Мы встретили сорок четвертый год дружной компанией молодых стихотворцев. Как все, мы пытались заглянуть вперед. Но что могли мы увидеть? За окном, под желтым кругом фонаря, плясали снежинки. Шла война…

Глазков напишет потом о городе, в котором оказался он в годы войны:

Здесь жил поэт Глазков в годах

Сорок втором и сорок третьем

И о Поэтогородах

Слагал стихи и бредил.

Какими бы аксессуарами эпатажа и демонстративного чудачества ни обставлял Глазков свою мечту о Поэтограде, по сути, это была одна из многих утопий человечества о справедливой и радостной жизни:

Я хочу Поэтограда

Для себя и для тебя!

Поэтоград — глазковский «город солнца» — незабываем…

Воздействие творческого опыта Николая Глазкова на современную поэзию очевидно. Об этом писали Б. Слуцкий, Д. Самойлов, Е. Евтушенко… Но интересно, что, влияя на поэзию в целом, Глазков в то же время является, пожалуй, единственным большим поэтом, который не породил ни одного (подчеркиваю — ни одного!) подражателя или хотя бы плагиатора. Имитировать Глазкова невозможно, это дело безнадежное. Никто ни на секунду — в любом поэтическом самозабвении — не может, по-видимому, почувствовать стиль Глазкова «своим», поддаться столь распространенному сладостному самообману. Настолько органично сливаются в глазковских стихах самобытная личность и по-настоящему оригинальный, неповторимый поэтический мир.

2

Весной 1944 года Глазков окончательно вернулся в Москву. Мы в это время регулярно переписывались, присылали друг другу стихи. Колины письма всегда были шутливы, хотя жил он, должно быть, нелегко. Литературным заработком тогда Глазков прокормиться не мог — этого заработка попросту не было или был он столь незначителен, что его никак нельзя было принимать в расчет. Коля подрабатывал физическим трудом: что-то грузил, нанимался пилить дрова.

Его поддерживали Лиля Юрьевна Брик и Василий Абгарович Катанян. «Питаюсь я, в основном, у Л. Ю.» (Лили Юрьевны Брик), — пишет он в марте 1944 года. «У Бриков бываю ежедневно», — сообщает он 8 апреля того же года. И снова:

«Я написал два стиха и отправился к Брикам. Там поужинал и поговорил о стихах. Очень хорошо поговорить о стихах».

Первый раз я был проездом в Москве осенью сорок четвертого и, кажется, не успел побывать у Коли на дорогом ему Арбате. Зато с 1946 года, когда поступил в Литинститут, бывал у него часто. Недалеко от Смоленской площади — довольно просторный для центра Москвы двор. В глубине этого двора — двухэтажный, массивный и приземистый дом, в нем-то и обретался Николай Глазков. Я подымался по деревянной лестнице, сворачивая налево, звонил. Дверь обычно открывал сам Коля. «Заходи, милый!» — говорил он, радостно улыбаясь, и мощно, с явным удовольствием, почти до боли сжимал руку.

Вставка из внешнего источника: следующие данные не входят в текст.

theorem theorem3p7:
  fixes X :: "'a set" and m :: "'a \<Rightarrow> 'a \<Rightarrow> 'a" and z :: 'a
  assumes "solid X m z"
  shows "(branchwise_commutative X m z
            \<longleftrightarrow> (\<forall>a\<in>minimal_elems X m z. semilattice_on (branch X m z a) (bcc_meet m)))
       \<and> (branchwise_commutative X m z
            \<longleftrightarrow> (\<forall>x\<in>X. \<forall>y\<in>X. same_branch X m z x y \<longrightarrow>
                   initial_part X m z x \<inter> initial_part X m z y
                     = initial_part X m z (bcc_meet m x y)))"
proof -
  interpret solid_bcc X m z
    using assms unfolding solid_def by unfold_locales blast+
  show ?thesis
    using branchwise_commutative_imp_semilattice_branch
      semilattice_branches_imp_branchwise_commutative
      branchwise_commutative_imp_initial_part_meet
      initial_part_meet_imp_branchwise_commutative
    by blast
qed

end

В доме у Глазковых всегда толкалось много народу, всякие люди, случайные и неслучайные, литературные и нелитературные… У Глазкова ночевали, у Глазкова жили… Его квартира напоминала зал транзитных пассажиров. С каждым человеком он обязательно находил точку соприкосновения, какой-то общий живой интерес. Вообще дом Глазкова был одним из самых открытых домов, здесь можно было встретить кого угодно и услышать что угодно. Я знаю, что некоторых несколько смущала возможность столкнуться у Глазковых с людьми чуждыми и даже враждебными. Но Глазков не был, как могло показаться, «всеяден» и уж тем более беспринципен. В том-то и дело, что Глазков, никогда ни к кому не подлаживаясь, был свободен во всех проявлениях своего духа, но предоставлял такую же свободу другому! Я не помню случая, когда Глазков был бы с чем-нибудь не согласен и промолчал из каких-нибудь соображений. Энергичным голосом Коля говорил: «Неверно!» — подкрепляя интонацию столь же энергичным движением руки, после чего сразу же недвусмысленно излагал свою точку зрения. Ничье мнение или присутствие не могло остановить его. Так было всегда!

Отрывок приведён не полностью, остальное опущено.